10 tips for dating in your 20's

28f12e176f1fc80ffc6517b4b893f90c.jpg

Ok, your 20’s are in full swing and my guess is you are looking for someone. Someone special. Someone that catches your eye as well as your heart. That is so great! However, before you rush out on a series of dates and fall in love. Take a few minutes to read, ponder, and apply these next 10 tips. I think you will be glad you did. 

1. Take it slow. 

What is the hurry?  You aren’t going anywhere - they aren’t going anywhere. Don’t go so fast.

"Decisions that are made quickly are quickly regretted."

Other than surrendering your life to Jesus - Who you tie your heart to is the most foundational decision you will ever make. So take your time. The world is not going to have a man and woman shortage anytime soon. Take it slow. 

2. Master the Basics. 

Relationships are like a house - you have to have a good foundation. To build that foundation - here are some questions you need to have answers for. 

Do you believe the same things about faith - God - eternity?

Are you both going the same direction in life - location - goals?

Do you make each other better? Does this person bring out the best in you? Draw you closer to Jesus?  Or do they bring tension and stress?  When you are with them, do you find yourself making decisions you regret or decisions that make you better?

The only way you can find out the answer to these questions is by mastering the fundamental of talking. Far too many people spend more time looking at each other, a movie screen, or their phone on a date rather than talking. 

Far too many people spend a lot of time touching (holding hands - kissing - and other physical activities that hormone filled 20somethigns do) but not enough time talking. You have to master the art of TALKING to find out if this person is really for you. 

3. Get to know the person not the body.  

Studies have shown us through the years that relationships that are built on physical touch, do not last very long. Because of this, don’t get physical. Get to know who they are as a person and what they believe, not just their body. You know you are attracted to them, but do you know if you are comparable?

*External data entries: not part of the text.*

(* Let $G=(V,E)$ be an almost tree (2). If $X,Y\subseteq V$ are such that $\mathbf v(X)$ and $\mathbf v(Y)$ are distinct and adjacent vertices of $\mathrm{CUT}(G)$, then $|\delta(X\triangle Y)|\le 3$.
   Context: For an undirected graph $G=(V,E)$ and $S\subseteq V$, $\delta(S)\subseteq E$ denotes the set of edges with exactly one endpoint in $S$, and $\mathbf v(S)\in\{0,1\}^{E}$ is its incidence vector ($v(S)_e=1$ iff $e\in\delta(S)$). The cut polytope is $\mathrm{CUT}(G)=\operatorname{conv}\{\mathbf v(S):S\subseteq V\}\subset\mathbb R^{E}$; adjacency of vertices means they are joined by a one-dimensional face. $X\triangle Y$ denotes symmetric difference. A connected graph is an almost tree ($k$) if every biconnected component (maximal subgraph that remains connected after removal of any single vertex) has at most $k$ edges not belonging to a spanning tree of that component. *)

theory Defs
  imports "HOL-Analysis.Analysis"
begin

text \<open>A finite graph with vertex type 'v and edge type 'e (both finite);
  ends e is the two-element set of endpoints of edge e.  The whole graph has
  vertex set UNIV and edge set UNIV.\<close>

definition simple_graph :: "('e \<Rightarrow> 'v set) \<Rightarrow> bool" where
  "simple_graph ends \<longleftrightarrow> (\<forall>e. card (ends e) = 2) \<and> inj ends"

definition adj :: "('e \<Rightarrow> 'v set) \<Rightarrow> 'e set \<Rightarrow> 'v \<Rightarrow> 'v \<Rightarrow> bool" where
  "adj ends F u v \<longleftrightarrow> (\<exists>e\<in>F. ends e = {u, v})"

definition is_subgraph :: "('e \<Rightarrow> 'v set) \<Rightarrow> 'v set \<Rightarrow> 'e set \<Rightarrow> bool" where
  "is_subgraph ends W F \<longleftrightarrow> (\<forall>e\<in>F. ends e \<subseteq> W)"

definition connected_sg :: "('e \<Rightarrow> 'v set) \<Rightarrow> 'v set \<Rightarrow> 'e set \<Rightarrow> bool" where
  "connected_sg ends W F \<longleftrightarrow> (\<forall>u\<in>W. \<forall>v\<in>W. (adj ends F)\<^sup>*\<^sup>* u v)"

definition biconn :: "('e \<Rightarrow> 'v set) \<Rightarrow> 'v set \<Rightarrow> 'e set \<Rightarrow> bool" where
  "biconn ends W F \<longleftrightarrow> connected_sg ends W F \<and>
     (\<forall>w\<in>W. connected_sg ends (W - {w}) {e\<in>F. w \<notin> ends e})"

definition biconnected_component :: "('e \<Rightarrow> 'v set) \<Rightarrow> 'v set \<Rightarrow> 'e set \<Rightarrow> bool" where
  "biconnected_component ends W F \<longleftrightarrow> is_subgraph ends W F \<and> biconn ends W F \<and>
     (\<forall>W' F'. is_subgraph ends W' F' \<and> biconn ends W' F' \<and> W \<subseteq> W' \<and> F \<subseteq> F'
        \<longrightarrow> W' = W \<and> F' = F)"
definition orbit :: "('t \<Rightarrow> 'x \<Rightarrow> 'x) \<Rightarrow> 't set \<Rightarrow> 'x \<Rightarrow> 'x set" where
  "orbit act A x = (\<lambda>t. act t x) ` A"

definition subsemigroup :: "'t::group_add set \<Rightarrow> bool" where
  "subsemigroup S \<longleftrightarrow> (\<forall>s\<in>S. \<forall>t\<in>S. s + t \<in> S)"

definition thick :: "'t::topological_group_add set \<Rightarrow> bool" where
  "thick S \<longleftrightarrow> (\<forall>K. compact K \<longrightarrow> (\<exists>t. (\<lambda>k. k + t) ` K \<subseteq> S))"

definition normal_subset :: "'t::group_add set \<Rightarrow> bool" where
  "normal_subset S \<longleftrightarrow> (\<forall>t. (\<lambda>s. s + t) ` S = (\<lambda>s. t + s) ` S)"

definition syndetic :: "'t::topological_group_add set \<Rightarrow> bool" where
  "syndetic A \<longleftrightarrow> (\<exists>K. compact K \<and> (\<forall>t. (\<lambda>k. k + t) ` K \<inter> A \<noteq> {}))"

definition unif_lyapunov_stable ::
  "('t::topological_group_add \<Rightarrow> 'x::uniform_space \<Rightarrow> 'x) \<Rightarrow> 't set \<Rightarrow> 'x \<Rightarrow> bool" where
  "unif_lyapunov_stable act S x \<longleftrightarrow>
     (\<forall>\<epsilon>. entourage \<epsilon> \<longrightarrow> (\<exists>\<delta>. entourage \<delta> \<and>
        (\<forall>s\<in>S. \<forall>y\<in>orbit act UNIV x. \<forall>z\<in>orbit act UNIV x.
            (y, z) \<in> \<delta> \<longrightarrow> (act s y, act s z) \<in> \<epsilon>)))"

definition invariant :: "('t \<Rightarrow> 'x \<Rightarrow> 'x) \<Rightarrow> 'x set \<Rightarrow> bool" where
  "invariant act Z \<longleftrightarrow> (\<forall>t. \<forall>z\<in>Z. act t z \<in> Z)"

definition minimal_flow :: "('t \<Rightarrow> 'x::topological_space \<Rightarrow> 'x) \<Rightarrow> 'x set \<Rightarrow> bool" where
  "minimal_flow act Z \<longleftrightarrow> Z \<noteq> {} \<and> invariant act Z \<and>
     (\<forall>A. closedin (top_of_set Z) A \<and> A \<noteq> {} \<and> invariant act A \<longrightarrow> A = Z)"

text \<open>Entourages of the subspace uniformity of Z are the
traces E \<inter> Z\<times>Z of entourages E of X; since A z \<subseteq> Z, the condition
A z \<subseteq> (E \<inter> Z\<times>Z)[z] is the same as A z \<subseteq> E[z].\<close>
definition ap_flow :: "('t::topological_group_add \<Rightarrow> 'x::uniform_space \<Rightarrow> 'x) \<Rightarrow> 'x set \<Rightarrow> bool" where
  "ap_flow act Z \<longleftrightarrow> invariant act Z \<and>
     (\<forall>\<alpha>. entourage \<alpha> \<longrightarrow> (\<exists>A. syndetic A \<and> (\<forall>z\<in>Z. \<forall>a\<in>A. (z, act a z) \<in> \<alpha>)))"

end

(* Thickness writes every t as (t + a) - a with a, t + a in S.  Pigeonholing the points
   -(a + n(t + a)) x in the compact set cl(S^-1 x) and pushing two nearby ones forward by an
   element of S, which is equicontinuous on Tx, gives Tx \<subseteq> cl(S^-1 x).  So Z = cl(Tx) is
   compact, S is equicontinuous on Z, and every point of Z comes back to x under S: Z is minimal.
   On the compact Z the equicontinuous S is totally bounded for uniform convergence, so for
   u \<in> S some multiple of u is uniformly close to the identity.  This makes -S, and hence
   T = S + (-S), equicontinuous on Z, and a finite uniform net of T yields syndetic sets of
   almost periods. *)

theory Submission
  imports Defs
begin

lemma entourage_refl: "entourage E \<Longrightarrow> (a, a) \<in> E"
  unfolding entourage_def using uniformity_refl[of "\<lambda>p. p \<in> E"] by simp

lemma entourage_Int: "entourage E \<Longrightarrow> entourage F \<Longrightarrow> entourage (E \<inter> F)"
  unfolding entourage_def by (simp add: eventually_conj)

lemma entourage_converse: "entourage E \<Longrightarrow> entourage (E\<inverse>)"
  unfolding entourage_def converse_def using uniformity_sym[of "\<lambda>p. p \<in> E"]
  by (simp add: case_prod_unfold)

lemma entourage_split:
  assumes "entourage E"
  obtains F where "entourage F" "\<And>a b c. (a, b) \<in> F \<Longrightarrow> (b, c) \<in> F \<Longrightarrow> (a, c) \<in> E"
proof -
  obtain P where "eventually P uniformity" "\<And>a b c. P (a, b) \<Longrightarrow> P (b, c) \<Longrightarrow> (a, c) \<in> E"
    using uniformity_transE[of "\<lambda>p. p \<in> E"] assms unfolding entourage_def by metis
  then show ?thesis
    using that[of "Collect P"] by (simp add: entourage_def)
qed

lemma entourage_split4:
  assumes "entourage E"
  obtains F where "entourage F" "\<And>a b. (a, b) \<in> F \<Longrightarrow> (b, a) \<in> F"
    "\<And>a b c d e. (a, b) \<in> F \<Longrightarrow> (b, c) \<in> F \<Longrightarrow> (c, d) \<in> F \<Longrightarrow> (d, e) \<in> F \<Longrightarrow> (a, e) \<in> E"
proof -
  obtain F1 where F1: "entourage F1" "\<And>a b c. (a, b) \<in> F1 \<Longrightarrow> (b, c) \<in> F1 \<Longrightarrow> (a, c) \<in> E"
    using entourage_split[OF assms] by blast
  obtain F2 where F2: "entourage F2" "\<And>a b c. (a, b) \<in> F2 \<Longrightarrow> (b, c) \<in> F2 \<Longrightarrow> (a, c) \<in> F1"
    using entourage_split[OF F1(1)] by blast
  show ?thesis
  proof (rule that[of "F2 \<inter> F2\<inverse>"])
    show "entourage (F2 \<inter> F2\<inverse>)"
      using F2(1) by (simp add: entourage_Int entourage_converse)
    show "(b, a) \<in> F2 \<inter> F2\<inverse>" if "(a, b) \<in> F2 \<inter> F2\<inverse>" for a b
      using that by auto
    fix a b c d e
    assume "(a, b) \<in> F2 \<inter> F2\<inverse>" "(b, c) \<in> F2 \<inter> F2\<inverse>"
      "(c, d) \<in> F2 \<inter> F2\<inverse>" "(d, e) \<in> F2 \<inter> F2\<inverse>"
    then have "(a, c) \<in> F1" "(c, e) \<in> F1"
      using F2(2) by blast+
    then show "(a, e) \<in> E"
      by (rule F1(2))
  qed
qed

lemma eventually_nhds_entourage: "entourage E \<Longrightarrow> eventually (\<lambda>z. (y, z) \<in> E) (nhds y)"
  unfolding eventually_nhds_uniformity entourage_def by (auto elim: eventually_mono)

lemma closure_eventually_nhds_bex:
  assumes "y \<in> closure A" "eventually P (nhds y)"
  shows "\<exists>a\<in>A. P a"
proof -
  from assms(2) obtain U where "open U" "y \<in> U" "\<forall>z\<in>U. P z"
    unfolding eventually_nhds by blast
  with assms(1) show ?thesis
    unfolding closure_iff_nhds_not_empty by blast
qed

lemma closure_iff_entourage:
  fixes y :: "'a::uniform_space"
  shows "y \<in> closure A \<longleftrightarrow> (\<forall>E. entourage E \<longrightarrow> (\<exists>a\<in>A. (y, a) \<in> E))"
proof (intro iffI allI impI)
  fix E :: "('a \<times> 'a) set" assume "y \<in> closure A" "entourage E"
  then show "\<exists>a\<in>A. (y, a) \<in> E"
    using closure_eventually_nhds_bex eventually_nhds_entourage by blast
next
  assume near: "\<forall>E. entourage E \<longrightarrow> (\<exists>a\<in>A. (y, a) \<in> E)"
  show "y \<in> closure A"
    unfolding closure_iff_nhds_not_empty
  proof (intro allI impI)
    fix B U assume "U \<subseteq> B" "open U" "y \<in> U"
    then have "entourage {(y', z). y' = y \<longrightarrow> z \<in> U}"
      using eventually_nhds_in_open[of U y]
      unfolding eventually_nhds_uniformity entourage_def by (simp add: case_prod_unfold)
    then obtain a where "a \<in> A" "a \<in> U"
      using near by auto
    with \<open>U \<subseteq> B\<close> show "A \<inter> B \<noteq> {}"
      by blast
  qed
qed

lemma compact_entourage_net:
  assumes "compact K" "entourage E"
  obtains C where "finite C" "C \<subseteq> K" "\<And>z. z \<in> K \<Longrightarrow> \<exists>c\<in>C. (c, z) \<in> E"
proof -
  have "c \<in> interior {z. (c, z) \<in> E}" for c
  proof -
    obtain U where "open U" "c \<in> U" "\<forall>z\<in>U. (c, z) \<in> E"
      using eventually_nhds_entourage[OF assms(2), of c] unfolding eventually_nhds by blast
    then show ?thesis
      by (intro interiorI[of U]) auto
  qed
  then have "K \<subseteq> (\<Union>c\<in>K. interior {z. (c, z) \<in> E})"
    by (intro subsetI UN_I)
  then obtain C where C: "C \<subseteq> K" "finite C" "K \<subseteq> (\<Union>c\<in>C. interior {z. (c, z) \<in> E})"
    by (rule compactE_image[OF assms(1) open_interior])
  have "\<exists>c\<in>C. (c, z) \<in> E" if "z \<in> K" for z
    using that C(3) interior_subset by blast
  with C(1,2) show ?thesis
    using that by blast
qed

lemma finite_cover_pigeonhole:
  assumes "finite C" "\<And>n::nat. \<exists>c\<in>C. R c (p n)"
  obtains k l c where "k < l" "c \<in> C" "R c (p k)" "R c (p l)"
proof -
  have "\<forall>n\<in>UNIV. \<exists>c\<in>C. R c (p n)"
    using assms(2) by blast
  from pigeonhole_infinite_rel[OF infinite_UNIV_nat assms(1) this]
  obtain c where c: "c \<in> C" "infinite {n \<in> UNIV. R c (p n)}"
    by blast
  then have unbounded: "\<forall>m. \<exists>n>m. R c (p n)"
    by (simp add: infinite_nat_iff_unbounded)
  then obtain k where "R c (p k)"
    by blast
  moreover obtain l where "k < l" "R c (p l)"
    using unbounded by blast
  ultimately show ?thesis
    using that c(1) by blast
qed

lemma compact_sequence_entourage:
  assumes "compact K" "\<And>n. p n \<in> K" "entourage E"
  obtains k l :: nat where "k < l" "(p k, p l) \<in> E"
proof -
  obtain F where F: "entourage F" "\<And>a b. (a, b) \<in> F \<Longrightarrow> (b, a) \<in> F"
    "\<And>a b c d e. (a, b) \<in> F \<Longrightarrow> (b, c) \<in> F \<Longrightarrow> (c, d) \<in> F \<Longrightarrow> (d, e) \<in> F \<Longrightarrow> (a, e) \<in> E"
    using entourage_split4[OF assms(3)] by blast
  obtain C where C: "finite C" "C \<subseteq> K" "\<And>z. z \<in> K \<Longrightarrow> \<exists>c\<in>C. (c, z) \<in> F"
    using compact_entourage_net[OF assms(1) F(1)] by blast
  have "\<exists>c\<in>C. (c, p n) \<in> F" for n
    using C(3) assms(2) by blast
  then obtain k l c where kl: "k < l" and "(c, p k) \<in> F" "(c, p l) \<in> F"
    by (rule finite_cover_pigeonhole[OF C(1)])
  then have "(p k, p l) \<in> E"
    using F(3)[OF F(2) _ entourage_refl[OF F(1)] entourage_refl[OF F(1)]] by blast
  with kl show ?thesis
    by (rule that)
qed
lemma proper_colouring_extends:
  fixes E :: "'a \<Rightarrow> 'a set" and g :: "'a \<Rightarrow> nat option"
  assumes "finite U" and "finite P"
    and E: "\<And>v. E v \<subseteq> P - {v}" "\<And>u v. u \<in> E v \<Longrightarrow> v \<in> E u"
    and g_range: "\<And>v c. g v = Some c \<Longrightarrow> c < w"
    and g_proper: "\<And>u v c. u \<in> E v \<Longrightarrow> g v = Some c \<Longrightarrow> g u \<noteq> Some c"
    and uncoloured: "\<And>v. v \<in> P \<Longrightarrow> g v = None \<Longrightarrow> v \<in> U \<and> card (E v) < w"
  shows "\<exists>f. (\<forall>v\<in>P. f v < w) \<and> (\<forall>v c. g v = Some c \<longrightarrow> f v = c) \<and> (\<forall>v\<in>P. \<forall>u\<in>E v. f v \<noteq> f u)"
  using assms(1) g_range g_proper uncoloured
proof (induction U arbitrary: g rule: finite_induct)
  case empty
  have coloured: "g v \<noteq> None" if "v \<in> P" for v using empty.prems(3) that by blast
  let ?f = "\<lambda>v. case g v of Some c \<Rightarrow> c | None \<Rightarrow> 0"
  have "?f v \<noteq> ?f u" if v: "v \<in> P" and u: "u \<in> E v" for u v
  proof -
    obtain cv cu where "g v = Some cv" "g u = Some cu"
      using coloured[of v] coloured[of u] E(1)[of v] v u by blast
    then show ?thesis using empty.prems(2)[OF u] by auto
  qed
  with coloured empty.prems(1) show ?case by (intro exI[of _ ?f]) force
next
  case (insert a U)
  show ?case
  proof (cases "a \<in> P \<and> g a = None")
    case False
    with insert.prems show ?thesis by (intro insert.IH; blast)
  next
    case True
    have "finite (E a)" using E(1)[of a] \<open>finite P\<close> by (meson finite_Diff finite_subset)
    moreover have "card (E a) < w" using insert.prems(3) True by blast
    ultimately obtain c where c: "c < w" "\<And>u. u \<in> E a \<Longrightarrow> g u \<noteq> Some c"
      by (rule exists_colour_avoiding[where g = g]) blast
    have "\<exists>f. (\<forall>v\<in>P. f v < w) \<and> (\<forall>v c'. (g(a \<mapsto> c)) v = Some c' \<longrightarrow> f v = c')
        \<and> (\<forall>v\<in>P. \<forall>u\<in>E v. f v \<noteq> f u)"
    proof (rule insert.IH)
      show "(g(a \<mapsto> c)) v = Some c' \<Longrightarrow> c' < w" for v c' using insert.prems(1) c(1) by (auto split: if_splits)
      show "(g(a \<mapsto> c)) u \<noteq> Some c'" if "u \<in> E v" "(g(a \<mapsto> c)) v = Some c'" for u v c'
        using that c(2) E insert.prems(2) by (auto split: if_splits; blast)
      show "v \<in> U \<and> card (E v) < w" if "v \<in> P" "(g(a \<mapsto> c)) v = None" for v
        using that insert.prems(3) by (auto split: if_splits)
    qed
    then show ?thesis using True by (metis fun_upd_other option.distinct(1))
  qed
qed

section \<open>The adversary\<close>

text \<open>nbrs records the pairs answered incomparable while one of them was uncoloured, colour
  the chain an element has been put into, stamp the time at which it was coloured, and upper
  the elements that have been answered to lie above another one.\<close>
record 'a adv_state =
  nbrs :: "'a \<Rightarrow> 'a set"
  colour :: "'a \<rightharpoonup> nat"
  stamp :: "'a \<Rightarrow> nat"
  clock :: nat
  upper :: "'a set"
(* Let $F_2=\langle r,s\mid\ \rangle$ be the free group of rank two and $\phi_*\colon F_2\to F_2$ the automorphism $r\mapsto s$, $s\mapsto rs$. Then $$\{\chi_\rho\in X(F_2,\mathrm{SL}(2,\mathbb{C}))\mid \phi^*(\chi_\rho)=\overline{\chi_\rho}\}\cong\{x\in\mathbb{C}\mid |x-1|=1\},$$ the homeomorphism being given by $x=\mathrm{trace}(\rho(s))=\chi_\rho(s)$.
   Context: $X(F_2,\mathrm{SL}(2,\mathbb{C}))$ is the $\mathrm{SL}(2,\mathbb{C})$-character variety of $F_2$, whose points are characters $\chi_\rho(\gamma)=\mathrm{trace}(\rho(\gamma))$ of representations $\rho\colon F_2\to\mathrm{SL}(2,\mathbb{C})$. $\phi^*(\chi)=\chi\circ\phi_*$, and $\overline{\chi}(\gamma)=\overline{\chi(\gamma)}$. *)

theory Defs
  imports "HOL-Analysis.Analysis"
begin

datatype gen = Gr | Gs

text \<open>Words in the generators and their inverses; (g, True) denotes g^-1.
  Elements of F_2 are represented by (not necessarily reduced) words.\<close>
type_synonym word = "(gen \<times> bool) list"

definition letter_mat :: "(gen \<Rightarrow> complex^2^2) \<Rightarrow> gen \<times> bool \<Rightarrow> complex^2^2" where
  "letter_mat \<rho> l = (if snd l then matrix_inv (\<rho> (fst l)) else \<rho> (fst l))"

fun rep_word :: "(gen \<Rightarrow> complex^2^2) \<Rightarrow> word \<Rightarrow> complex^2^2" where
  "rep_word \<rho> [] = mat 1"
| "rep_word \<rho> (l # w) = letter_mat \<rho> l ** rep_word \<rho> w"

definition SL2_rep :: "(gen \<Rightarrow> complex^2^2) \<Rightarrow> bool" where
  "SL2_rep \<rho> \<longleftrightarrow> (\<forall>g. det (\<rho> g) = 1)"

definition character :: "(gen \<Rightarrow> complex^2^2) \<Rightarrow> word \<Rightarrow> complex" where
  "character \<rho> w = trace (rep_word \<rho> w)"

text \<open>The character variety X(F_2, SL(2,C)), as a subspace of the space of functions
  F_2 \<rightarrow> C (product topology of pointwise convergence).\<close>
definition char_variety :: "(word \<Rightarrow> complex) set" where
  "char_variety = {\<psi>. \<exists>\<rho>. SL2_rep \<rho> \<and> \<psi> = character \<rho>}"

fun phi_letter :: "gen \<times> bool \<Rightarrow> word" where
  "phi_letter (Gr, False) = [(Gs, False)]"
| "phi_letter (Gs, False) = [(Gr, False), (Gs, False)]"
| "phi_letter (Gr, True) = [(Gs, True)]"
| "phi_letter (Gs, True) = [(Gs, True), (Gr, True)]"

definition phi_word :: "word \<Rightarrow> word" where
  "phi_word w = concat (map phi_letter w)"

definition phi_pull :: "(word \<Rightarrow> complex) \<Rightarrow> word \<Rightarrow> complex" where
  "phi_pull \<psi> = \<psi> \<circ> phi_word"

end

theory Submission
  imports Defs
begin

text \<open>By Cayley-Hamilton, every product of A, B \<in> SL(2,C) and their inverses is a combination
  x I + y A + z B + t AB whose coefficients are polynomials in the trace coordinates
  a = tr A, b = tr B, c = tr AB (Fricke). Hence a character is a polynomial function of (a, b, c),
  every triple occurs, and distinct triples give distinct characters. In these coordinates
  \<phi>^* acts by (a, b, c) \<mapsto> (b, c, bc - a) and complex conjugation acts coordinatewise, so
  \<phi>^*\<chi> = conj \<chi> means a = c = conj b and b conj b = b + conj b, i.e. |b - 1| = 1. The inverse
  of \<chi> \<mapsto> \<chi>(s) is therefore y \<mapsto> (the character with coordinates (conj y, y, conj y)),
  which is continuous since each of its values is a polynomial in y and conj y.\<close>

lemma mat2_eq_iff:
  "(M::'a^2^2) = N \<longleftrightarrow> M$1$1 = N$1$1 \<and> M$1$2 = N$1$2 \<and> M$2$1 = N$2$1 \<and> M$2$2 = N$2$2"
  by (auto simp: vec_eq_iff forall_2)

lemma matrix_mult_2_nth:
  "((M::'a::semiring_1^2^2) ** N)$i$j = M$i$1 * N$1$j + M$i$2 * N$2$j"
  by (simp add: matrix_matrix_mult_def sum_2)

lemma trace_2: "trace (M::'a::semiring_1^2^2) = M$1$1 + M$2$2"
  by (simp add: trace_def sum_2)

lemma mat_nth: "(mat x :: 'a::zero^'n^'n)$i$j = (if i = j then x else 0)"
  by (simp add: mat_def)

lemma matrix_inv_inverse:
  fixes A :: "'a::semiring_1^'n^'n"
  assumes "invertible A"
  shows "A ** matrix_inv A = mat 1" "matrix_inv A ** A = mat 1"
proof -
  have "A ** matrix_inv A = mat 1 \<and> matrix_inv A ** A = mat 1"
    using assms unfolding invertible_def matrix_inv_def by (rule someI_ex)
  then show "A ** matrix_inv A = mat 1" "matrix_inv A ** A = mat 1" by simp_all
qed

4. Don't take it so serious. 

Here is some good advice – relax. You like them and they like you, but you are not married yet.  So don’t act like it.  Have fun. Don't be so serious. 

5. Look for Chemistry not romance. 

All great teams have chemistry.  You are looking for a great teammate so find someone that you can talk with, laugh with and hang out with for long periods of time. Chemistry is the key word. Romance is a feeling that with the right lighting - right food - right atmosphere - can be manipulated to make a special moment and then it's gone, but chemistry is something that last. 

6. Date only Christians

Scripture teaches that two people cannot walk together unless they are going in the same direction.  I know he looks great in those jeans - I know her legs are incredible - but are her legs following Jesus! What does it profit a man to gain the whole world but lose his soul. You never want to tie yourself to somone emotionally that is not going the same spiritual direction as you. 

7. Set good boundaries. 

Boundaries do not hold you back, boundaries, set you free.  So before you go out on a big date, clearly define your personal boundaries on physical touch and other important issues.

8. Save sex for when you are married. 

I know this is such an archaic view compared to todays standards. But look around you. Is how we currently walk out sexual expression in America working? Nope! So maybe you should live out your sexuality in a different way. Maybe you should try Gods way. God says that Sex is not something people that love each other do, sex is something that people in convenent relationship of marriage do.

9. Pursue Jesus more than you pursue a person. 

In relationships, who you are will determine who you need. Because of this, seek first the kingdom of God and his righteousness and all these things will be added unto you. When you find out who Jesus is and who you are in Him. Who you are will determine who you need as a teammate in life. 

10. Never Settle. 

Never settle for someone who is not a believer. Never settle for living together over marriage. Marriage is beautiful fulfilling 

You are the head and not the tail! Jesus did not die for you to settle. Jesus died for you to soar! Become who Christ has called you to be and you will find who Christ has called you to be with.